Peter Niehusen

Personal information
- Born: 15 July 1951 (age 74) Lübeck
- Height: 191 cm (6 ft 3 in)
- Weight: 90 kg (198 lb)

Sport
- Sport: Rowing

Medal record
Men's rowing
Representing West Germany
Olympic Games
| Bronze medal – third place | 1976 Montreal | Coxed four |
World Rowing Championships
| Gold medal – first place | 1966 Bled | Eight |
| Bronze medal – third place | 1974 Lucerne | Coxed four |
| Bronze medal – third place | 1975 Nottingham | Coxed four |
European Rowing Championships
| Gold medal – first place | 1965 Duisburg | Eight |

= Peter Niehusen =

West German coxwain and rower (born 1951)

Peter Niehusen (born 15 July 1951) is the only sportsman to have won international medals as both a coxswain and a rower. He won two gold medals and three bronze medals at the European and World Championships and the 1976 Summer Olympics in Montreal.
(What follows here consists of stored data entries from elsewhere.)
(* Let $p\in\mathbb R^I$ be a probability vector with positive entries, and for $i\in\mathcal I$ define $$R_i:=\frac{\sum_{j\in\mathcal J}\mathfrak d(i,j)\theta_j-\sum_{\ell\in\mathcal I}\mathfrak d(i,\ell)\hat\lambda_\ell}{p_i}.$$ If $\vartheta_p\neq0$, then all $R_i$ are nonzero and $\dfrac1{\vartheta_p}=\sum_{i\in\mathcal I}\dfrac1{R_i}$.
   Context: Network and parameters: $\mathcal I=\{1,\dots,I\}$ (customer classes), $\mathcal J=\{1,\dots,J\}$ (server pools), and $\mathcal E\subset\mathcal I\times\mathcal J$ is a set of edges such that the bipartite graph $\mathcal G=(\mathcal I\cup\mathcal J,\mathcal E)$ is a tree. Write $i\sim j$ iff $(i,j)\in\mathcal E$, $\mathcal J(i)=\{j:i\sim j\}$, $\mathcal I(j)=\{i:i\sim j\}$. $\mathbb R^{\mathcal G}$ denotes the arrays $[\xi_{ij}]\in\mathbb R^{I\times J}$ with $\xi_{ij}=0$ whenever $i\not\sim j$, and $\mathbb R^{\mathcal G}_+$ its elements with nonnegative entries. For each $n\in\mathbb N$ there are arrival rates $\lambda^n_i>0$, service rates $\mu^n_{ij}>0$ ($i\sim j$) and pool sizes $N^n_j\in\mathbb N$, such that as $n\to\infty$: $\lambda^n_i/n\to\lambda_i>0$, $N^n_j/n\to\nu_j>0$, $\mu^n_{ij}\to\mu_{ij}>0$, $\hat\lambda^n_i:=(\lambda^n_i-n\lambda_i)/\sqrt n\to\hat\lambda_i\in\mathbb R$, $\hat\mu^n_{ij}:=\sqrt n(\mu^n_{ij}-\mu_{ij})\to\hat\mu_{ij}\in\mathbb R$, $\hat\nu^n_j:=\sqrt n(N^n_j/n-\nu_j)\to\hat\nu_j\in\mathbb R$. Complete resource pooling is assumed: the linear program "minimize $\max_{j}\sum_i\xi_{ij}$ over $\xi\in\mathbb R^{\mathcal G}_+$ subject to $\sum_j\mu_{ij}\nu_j\xi_{ij}=\lambda_i$ for all $i$" has a unique solution $\xi^*$, and it satisfies $\sum_{i}\xi^*_{ij}=1$ for all $j$ and $\xi^*_{ij}>0$ for all $i\sim j$. Put $z^*_{ij}:=\xi^*_{ij}\nu_j$ and $\theta_j:=\hat\nu_j+\sum_{i\in\mathcal I(j)}(\hat\mu_{ij}/\mu_{ij})z^*_{ij}$. SWSS parameter: for a probability vector $p\in\mathbb R^I$ with positive entries, $\vartheta_p$ is the (unique) optimal value of the linear program: maximize $\vartheta$ over $(\vartheta,\kappa)\in\mathbb R\times\mathbb R^{\mathcal G}$ subject to $\hat\lambda_i\le\sum_{j\in\mathcal J(i)}\mu_{ij}\kappa_{ij}-\vartheta p_i$ for all $i\in\mathcal I$ and $\sum_{i\in\mathcal I(j)}\kappa_{ij}=\theta_j$ for all $j\in\mathcal J$. Gains: for $i\in\mathcal I$, $j\in\mathcal J$, let $(i_1,j_1,i_2,j_2,\dots,i_m,j_m)$ be the unique shortest path in $\mathcal G$ from $i=i_1$ to $j=j_m$, and set $\mathfrak d(i,j):=\mu_{i_1j_1}\prod_{k=1}^{m-1}\mu_{i_{k+1}j_{k+1}}/\mu_{i_{k+1}j_k}$. For $i\ne i'$ in $\mathcal I$ with shortest path $(i_1,j_1,\dots,j_{m-1},i_m)$ from $i=i_1$ to $i'=i_m$, set $\mathfrak d(i,i'):=\prod_{k=1}^{m-1}\mu_{i_kj_k}/\mu_{i_{k+1}j_k}$; and $\mathfrak d(i,i):=1$. *)

theory Defs
  imports "HOL-Analysis.Analysis"
begin

text \<open>Conventions: customer classes are 0,...,nI-1, server pools are 0,...,nJ-1.
  The edge set E is a set of pairs (i,j) (class i, pool j). Arrays in R^G are
  functions nat => nat => real.\<close>

definition graph_vertices :: "nat \<Rightarrow> nat \<Rightarrow> (nat + nat) set" where
  "graph_vertices nI nJ = Inl ` {..<nI} \<union> Inr ` {..<nJ}"

definition graph_adj :: "(nat \<times> nat) set \<Rightarrow> nat + nat \<Rightarrow> nat + nat \<Rightarrow> bool" where
  "graph_adj E u v = (\<exists>i j. (i, j) \<in> E \<and> ((u = Inl i \<and> v = Inr j) \<or> (u = Inr j \<and> v = Inl i)))"

definition graph_connected :: "nat \<Rightarrow> nat \<Rightarrow> (nat \<times> nat) set \<Rightarrow> bool" where
  "graph_connected nI nJ E =
     (\<forall>u \<in> graph_vertices nI nJ. \<forall>v \<in> graph_vertices nI nJ. (graph_adj E)\<^sup>*\<^sup>* u v)"

definition graph_acyclic :: "(nat \<times> nat) set \<Rightarrow> bool" where
  "graph_acyclic E =
     (\<not> (\<exists>cs. length cs \<ge> 3 \<and> distinct cs \<and>
            (\<forall>k < length cs. graph_adj E (cs ! k) (cs ! ((k + 1) mod length cs)))))"

definition is_tree :: "nat \<Rightarrow> nat \<Rightarrow> (nat \<times> nat) set \<Rightarrow> bool" where
  "is_tree nI nJ E = (E \<subseteq> {..<nI} \<times> {..<nJ} \<and> graph_connected nI nJ E \<and> graph_acyclic E)"

text \<open>A path (i_1,j_1,...,i_m,j_m) from class i to pool j, stored as lists
  is = [i_1..i_m], js = [j_1..j_m] (0-based).\<close>
definition cp_path :: "(nat \<times> nat) set \<Rightarrow> nat \<Rightarrow> nat \<Rightarrow> nat \<Rightarrow> nat list \<Rightarrow> nat list \<Rightarrow> bool" where
  "cp_path E i j m is js =
     (m \<ge> 1 \<and> length is = m \<and> length js = m \<and> is ! 0 = i \<and> js ! (m - 1) = j \<and>
      (\<forall>k < m. (is ! k, js ! k) \<in> E) \<and> (\<forall>k < m - 1. (is ! (k + 1), js ! k) \<in> E))"

definition cp_shortest :: "(nat \<times> nat) set \<Rightarrow> nat \<Rightarrow> nat \<Rightarrow> nat \<Rightarrow> nat list \<Rightarrow> nat list \<Rightarrow> bool" where
  "cp_shortest E i j m is js =
     (cp_path E i j m is js \<and> (\<forall>m' is' js'. cp_path E i j m' is' js' \<longrightarrow> m \<le> m'))"

text \<open>A path (i_1,j_1,...,j_{m-1},i_m) from class i to class i'.\<close>
definition cc_path :: "(nat \<times> nat) set \<Rightarrow> nat \<Rightarrow> nat \<Rightarrow> nat \<Rightarrow> nat list \<Rightarrow> nat list \<Rightarrow> bool" where
  "cc_path E i i' m is js =
     (m \<ge> 1 \<and> length is = m \<and> length js = m - 1 \<and> is ! 0 = i \<and> is ! (m - 1) = i' \<and>
      (\<forall>k < m - 1. (is ! k, js ! k) \<in> E \<and> (is ! (k + 1), js ! k) \<in> E))"

definition cc_shortest :: "(nat \<times> nat) set \<Rightarrow> nat \<Rightarrow> nat \<Rightarrow> nat \<Rightarrow> nat list \<Rightarrow> nat list \<Rightarrow> bool" where
  "cc_shortest E i i' m is js =
     (cc_path E i i' m is js \<and> (\<forall>m' is' js'. cc_path E i i' m' is' js' \<longrightarrow> m \<le> m'))"

text \<open>Gain d(i,j) from class i to pool j, along the unique shortest path.\<close>
definition gain_cp :: "(nat \<times> nat) set \<Rightarrow> (nat \<Rightarrow> nat \<Rightarrow> real) \<Rightarrow> nat \<Rightarrow> nat \<Rightarrow> real" where
  "gain_cp E mu i j =
     (case (THE (m, is, js). cp_shortest E i j m is js) of (m, is, js) \<Rightarrow>
        mu (is ! 0) (js ! 0) * (\<Prod>k \<in> {1..<m}. mu (is ! k) (js ! k) / mu (is ! k) (js ! (k - 1))))"

definition gain_cc :: "(nat \<times> nat) set \<Rightarrow> (nat \<Rightarrow> nat \<Rightarrow> real) \<Rightarrow> nat \<Rightarrow> nat \<Rightarrow> real" where
  "gain_cc E mu i i' =
     (if i = i' then 1 else
       (case (THE (m, is, js). cc_shortest E i i' m is js) of (m, is, js) \<Rightarrow>
          (\<Prod>k < m - 1. mu (is ! k) (js ! k) / mu (is ! (k + 1)) (js ! k))))"

definition crp_feasible ::
  "nat \<Rightarrow> nat \<Rightarrow> (nat \<times> nat) set \<Rightarrow> (nat \<Rightarrow> nat \<Rightarrow> real) \<Rightarrow> (nat \<Rightarrow> real) \<Rightarrow> (nat \<Rightarrow> real)
   \<Rightarrow> (nat \<Rightarrow> nat \<Rightarrow> real) \<Rightarrow> bool" where
  "crp_feasible nI nJ E mu nu lam \<xi> =
     ((\<forall>i < nI. \<forall>j < nJ. \<xi> i j \<ge> 0 \<and> ((i, j) \<notin> E \<longrightarrow> \<xi> i j = 0)) \<and>
      (\<forall>i < nI. (\<Sum>j < nJ. mu i j * nu j * \<xi> i j) = lam i))"

definition crp_objective :: "nat \<Rightarrow> nat \<Rightarrow> (nat \<Rightarrow> nat \<Rightarrow> real) \<Rightarrow> real" where
  "crp_objective nI nJ \<xi> = Max ((\<lambda>j. \<Sum>i < nI. \<xi> i j) ` {..<nJ})"

definition crp_optimal ::
  "nat \<Rightarrow> nat \<Rightarrow> (nat \<times> nat) set \<Rightarrow> (nat \<Rightarrow> nat \<Rightarrow> real) \<Rightarrow> (nat \<Rightarrow> real) \<Rightarrow> (nat \<Rightarrow> real)
   \<Rightarrow> (nat \<Rightarrow> nat \<Rightarrow> real) \<Rightarrow> bool" where
  "crp_optimal nI nJ E mu nu lam \<xi> =
     (crp_feasible nI nJ E mu nu lam \<xi> \<and>
      (\<forall>\<xi>'. crp_feasible nI nJ E mu nu lam \<xi>' \<longrightarrow> crp_objective nI nJ \<xi> \<le> crp_objective nI nJ \<xi>'))"

definition theta_param ::
  "nat \<Rightarrow> (nat \<times> nat) set \<Rightarrow> (nat \<Rightarrow> nat \<Rightarrow> real) \<Rightarrow> (nat \<Rightarrow> real) \<Rightarrow> (nat \<Rightarrow> nat \<Rightarrow> real)
   \<Rightarrow> (nat \<Rightarrow> real) \<Rightarrow> (nat \<Rightarrow> nat \<Rightarrow> real) \<Rightarrow> nat \<Rightarrow> real" where
  "theta_param nI E mu nu mu_hat nu_hat \<xi>s j =
     nu_hat j + (\<Sum>i \<in> {i. i < nI \<and> (i, j) \<in> E}. (mu_hat i j / mu i j) * (\<xi>s i j * nu j))"

definition swss_feasible ::
  "nat \<Rightarrow> nat \<Rightarrow> (nat \<times> nat) set \<Rightarrow> (nat \<Rightarrow> nat \<Rightarrow> real) \<Rightarrow> (nat \<Rightarrow> real) \<Rightarrow> (nat \<Rightarrow> real)
   \<Rightarrow> (nat \<Rightarrow> real) \<Rightarrow> real \<Rightarrow> (nat \<Rightarrow> nat \<Rightarrow> real) \<Rightarrow> bool" where
  "swss_feasible nI nJ E mu lam_hat theta p vt \<kappa> =
     ((\<forall>i < nI. \<forall>j < nJ. (i, j) \<notin> E \<longrightarrow> \<kappa> i j = 0) \<and>
      (\<forall>i < nI. lam_hat i \<le> (\<Sum>j \<in> {j. j < nJ \<and> (i, j) \<in> E}. mu i j * \<kappa> i j) - vt * p i) \<and>
      (\<forall>j < nJ. (\<Sum>i \<in> {i. i < nI \<and> (i, j) \<in> E}. \<kappa> i j) = theta j))"

definition swss_param ::
  "nat \<Rightarrow> nat \<Rightarrow> (nat \<times> nat) set \<Rightarrow> (nat \<Rightarrow> nat \<Rightarrow> real) \<Rightarrow> (nat \<Rightarrow> real) \<Rightarrow> (nat \<Rightarrow> real)
   \<Rightarrow> (nat \<Rightarrow> real) \<Rightarrow> real" where
  "swss_param nI nJ E mu lam_hat theta p =
     Sup {vt. \<exists>\<kappa>. swss_feasible nI nJ E mu lam_hat theta p vt \<kappa>}"

end

theory Submission
  imports Defs
begin

text \<open>Root the tree at class 0. The product of the service rates met forwards along the path
  from the root to a vertex, divided by those met backwards, is a positive potential, w i on
  classes and v j on pools, with v j = w i * mu i j on every edge. Gains telescope along paths:
  d(i,j) = v j / w i and d(i,i') = w i' / w i, so R i = (sum_j v j theta j - sum_l w l lam_hat l)
  / (w i p i). Weighting the class constraints of the SWSS program by w and summing the pool
  constraints shows vt * sum_i w i p i <= sum_j v j theta j - sum_i w i lam_hat i for every
  feasible vt; equality is attained because balanced supplies and demands on a connected
  bipartite graph are carried by a flow along its edges. Hence the SWSS parameter is this
  difference divided by sum_i w i p i, and its reciprocal is sum_i 1 / R i.\<close>

section \<open>Walks in the class-pool graph\<close>

lemma graph_adj_sym: "graph_adj E u v \<longleftrightarrow> graph_adj E v u"
  unfolding graph_adj_def by blast

lemma graph_adj_simps [simp]:
  "graph_adj E (Inl i) (Inr j) \<longleftrightarrow> (i, j) \<in> E"
  "graph_adj E (Inr j) (Inl i) \<longleftrightarrow> (i, j) \<in> E"
  "\<not> graph_adj E (Inl i) (Inl i')"
  "\<not> graph_adj E (Inr j) (Inr j')"
  unfolding graph_adj_def by auto

lemma graph_adj_isl: "graph_adj E u v \<Longrightarrow> isl v \<longleftrightarrow> \<not> isl u"
  by (cases u; cases v) auto

lemma successively_graph_adj_rev [simp]:
  "successively (graph_adj E) (rev vs) \<longleftrightarrow> successively (graph_adj E) vs"
proof -
  have "(\<lambda>x y. graph_adj E y x) = graph_adj E"
    by (auto simp: fun_eq_iff graph_adj_sym)
  then show ?thesis by (metis successively_rev)
qed

definition walk :: "(nat \<times> nat) set \<Rightarrow> (nat + nat) list \<Rightarrow> bool" where
  "walk E vs \<longleftrightarrow> vs \<noteq> [] \<and> successively (graph_adj E) vs"

lemma walk_conv_nth:
  "walk E vs \<longleftrightarrow> vs \<noteq> [] \<and> (\<forall>k. Suc k < length vs \<longrightarrow> graph_adj E (vs ! k) (vs ! Suc k))"
  by (simp add: walk_def successively_conv_nth)

lemma walk_snoc: "walk E vs \<Longrightarrow> graph_adj E (last vs) v \<Longrightarrow> walk E (vs @ [v])"
  by (auto simp: walk_def successively_append_iff)

lemma walk_appendD: "walk E (vs @ ws) \<Longrightarrow> vs \<noteq> [] \<Longrightarrow> walk E vs"
  by (simp add: walk_def successively_append_iff)

lemma walk_if_rtranclp:
  assumes "(graph_adj E)\<^sup>*\<^sup>* u v"
  shows "\<exists>vs. walk E vs \<and> hd vs = u \<and> last vs = v"
  using assms
proof (induction rule: rtranclp_induct)
  case base
  show ?case by (rule exI[of _ "[u]"]) (simp add: walk_def)
next
  case (step y z)
  then obtain vs where "walk E vs" "hd vs = u" "last vs = y" by blast
  with step.hyps(2) show ?case
    by (intro exI[of _ "vs @ [z]"]) (auto simp: walk_def successively_append_iff)
qed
Niehusen was born in Lübeck, Germany, in 1951. He coxed the eight from Ratzeburg to European gold in 1965, and the first "Deutschland Achter" in 1966 to world gold. He had to leave his coxing seat because he could not maintain his weight at the required 50 kg any longer.

In 1973 he returned to the German eight; this time as a rower. This team came in fifth place at the 1973 European Rowing Championships in Moscow and terminated Niehusen's ambitions for the eight.
From 1974 to 1976 he and his partner Ralph Kubail in the coxless pair joined Hans-Johann Färber (gold Olympics 1972, in the so-called Bulls-Four) in the coxed four with a different fourth men each year. In 1974 it was Peter-Michael Kolbe, who would become famous as a single sculler. In 1975, it was Dieter Knief, and in 1976 it was Siegfried Fricke. This boat won three consecutive bronze medals, only being beaten by East Germany and the Soviet Union.

Niehusen was team captain of the German rowing team.

Niehusen worked in the cigarette industry for almost 20 years as a member of the management board of Reemtsma Cigarettenfabriken. Later on he worked and lived in Henley-on-Thames, UK, for three years. Nowadays Niehusen lives in Hamburg as a consultant in sports marketing.